▶ WORK TO COMPLETE:
Look at each line of the records and count those with "Qorth" in them. Please answer with the count alone.

(Extracted records)
*** Block opens ***
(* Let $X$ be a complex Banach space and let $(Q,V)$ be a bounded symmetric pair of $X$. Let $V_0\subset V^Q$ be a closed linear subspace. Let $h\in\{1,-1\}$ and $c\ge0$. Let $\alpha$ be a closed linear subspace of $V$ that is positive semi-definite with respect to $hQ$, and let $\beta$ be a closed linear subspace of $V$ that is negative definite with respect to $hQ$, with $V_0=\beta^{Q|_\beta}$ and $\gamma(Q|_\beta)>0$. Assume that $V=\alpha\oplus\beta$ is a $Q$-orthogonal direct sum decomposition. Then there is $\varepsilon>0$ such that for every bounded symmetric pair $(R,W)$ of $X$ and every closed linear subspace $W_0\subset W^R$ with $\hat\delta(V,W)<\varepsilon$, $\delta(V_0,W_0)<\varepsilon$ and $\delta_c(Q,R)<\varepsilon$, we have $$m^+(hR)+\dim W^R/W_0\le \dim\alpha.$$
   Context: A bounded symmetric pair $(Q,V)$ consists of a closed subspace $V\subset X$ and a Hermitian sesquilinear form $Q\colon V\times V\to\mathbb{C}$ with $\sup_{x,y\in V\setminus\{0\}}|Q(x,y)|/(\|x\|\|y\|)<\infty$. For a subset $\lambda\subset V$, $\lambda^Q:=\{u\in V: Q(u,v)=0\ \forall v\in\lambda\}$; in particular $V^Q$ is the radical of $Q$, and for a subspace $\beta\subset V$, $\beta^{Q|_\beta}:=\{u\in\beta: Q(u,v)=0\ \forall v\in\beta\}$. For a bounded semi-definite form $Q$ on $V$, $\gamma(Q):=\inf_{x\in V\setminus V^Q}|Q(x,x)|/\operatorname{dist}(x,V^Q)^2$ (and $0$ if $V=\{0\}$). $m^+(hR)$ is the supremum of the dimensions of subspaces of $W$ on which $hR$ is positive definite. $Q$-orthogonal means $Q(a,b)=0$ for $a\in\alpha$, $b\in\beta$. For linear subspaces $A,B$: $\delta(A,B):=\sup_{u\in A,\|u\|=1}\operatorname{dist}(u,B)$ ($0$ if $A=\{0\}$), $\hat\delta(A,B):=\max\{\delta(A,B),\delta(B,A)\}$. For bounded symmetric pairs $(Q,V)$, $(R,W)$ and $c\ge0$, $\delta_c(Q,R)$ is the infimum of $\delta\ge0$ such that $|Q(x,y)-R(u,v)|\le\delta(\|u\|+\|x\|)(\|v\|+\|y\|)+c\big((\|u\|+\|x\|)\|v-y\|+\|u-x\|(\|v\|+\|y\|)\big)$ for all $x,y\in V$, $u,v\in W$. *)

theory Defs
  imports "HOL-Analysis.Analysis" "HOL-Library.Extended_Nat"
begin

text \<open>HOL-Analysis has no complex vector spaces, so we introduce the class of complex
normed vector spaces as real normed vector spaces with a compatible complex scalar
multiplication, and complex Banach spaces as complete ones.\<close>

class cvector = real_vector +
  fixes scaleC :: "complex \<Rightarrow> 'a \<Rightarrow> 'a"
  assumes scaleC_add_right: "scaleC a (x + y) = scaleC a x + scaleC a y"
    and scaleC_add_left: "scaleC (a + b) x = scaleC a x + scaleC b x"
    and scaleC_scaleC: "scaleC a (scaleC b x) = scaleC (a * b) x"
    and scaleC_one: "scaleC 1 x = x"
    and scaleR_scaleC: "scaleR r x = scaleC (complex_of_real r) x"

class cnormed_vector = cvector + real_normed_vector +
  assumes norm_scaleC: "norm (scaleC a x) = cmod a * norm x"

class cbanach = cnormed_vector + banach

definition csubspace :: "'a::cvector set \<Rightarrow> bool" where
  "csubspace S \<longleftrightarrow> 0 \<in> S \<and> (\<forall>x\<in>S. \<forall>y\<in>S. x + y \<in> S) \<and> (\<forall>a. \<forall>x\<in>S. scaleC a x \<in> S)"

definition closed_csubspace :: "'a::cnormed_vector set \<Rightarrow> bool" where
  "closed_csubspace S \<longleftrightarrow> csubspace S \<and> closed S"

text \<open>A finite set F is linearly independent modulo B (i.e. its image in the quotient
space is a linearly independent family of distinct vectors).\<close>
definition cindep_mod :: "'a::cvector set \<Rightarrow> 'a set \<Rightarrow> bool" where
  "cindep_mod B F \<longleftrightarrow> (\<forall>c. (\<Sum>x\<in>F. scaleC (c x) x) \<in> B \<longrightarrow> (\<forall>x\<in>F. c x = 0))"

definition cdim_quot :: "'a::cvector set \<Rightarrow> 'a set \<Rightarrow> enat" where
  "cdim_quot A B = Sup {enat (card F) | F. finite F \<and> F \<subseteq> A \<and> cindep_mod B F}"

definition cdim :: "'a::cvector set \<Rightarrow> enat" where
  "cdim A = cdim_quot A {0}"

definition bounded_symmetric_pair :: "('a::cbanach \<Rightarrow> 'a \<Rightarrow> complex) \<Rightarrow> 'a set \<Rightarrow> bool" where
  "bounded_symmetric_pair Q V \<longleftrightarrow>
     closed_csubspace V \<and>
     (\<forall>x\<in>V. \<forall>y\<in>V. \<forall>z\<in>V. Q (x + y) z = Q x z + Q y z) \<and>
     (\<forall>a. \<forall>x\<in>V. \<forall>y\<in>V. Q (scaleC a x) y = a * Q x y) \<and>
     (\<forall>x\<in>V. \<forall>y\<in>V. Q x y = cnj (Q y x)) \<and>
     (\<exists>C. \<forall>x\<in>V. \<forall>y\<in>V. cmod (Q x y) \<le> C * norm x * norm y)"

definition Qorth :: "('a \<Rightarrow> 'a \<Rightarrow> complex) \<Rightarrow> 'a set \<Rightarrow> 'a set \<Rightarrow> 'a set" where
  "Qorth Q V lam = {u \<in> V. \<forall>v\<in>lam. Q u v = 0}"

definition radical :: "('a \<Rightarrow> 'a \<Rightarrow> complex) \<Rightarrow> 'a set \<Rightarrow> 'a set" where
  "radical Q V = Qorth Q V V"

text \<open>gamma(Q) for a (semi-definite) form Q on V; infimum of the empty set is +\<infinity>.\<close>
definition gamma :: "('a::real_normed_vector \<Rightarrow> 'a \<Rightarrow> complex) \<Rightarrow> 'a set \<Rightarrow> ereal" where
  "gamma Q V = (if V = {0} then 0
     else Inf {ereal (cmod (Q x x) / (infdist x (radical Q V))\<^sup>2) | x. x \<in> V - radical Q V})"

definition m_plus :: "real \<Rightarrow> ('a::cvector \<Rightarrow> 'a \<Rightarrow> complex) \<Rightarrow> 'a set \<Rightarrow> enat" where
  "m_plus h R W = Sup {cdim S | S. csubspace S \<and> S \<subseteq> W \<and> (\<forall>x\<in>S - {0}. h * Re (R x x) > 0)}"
*** Block closes ***
▶ SOLVED EXERCISE:
3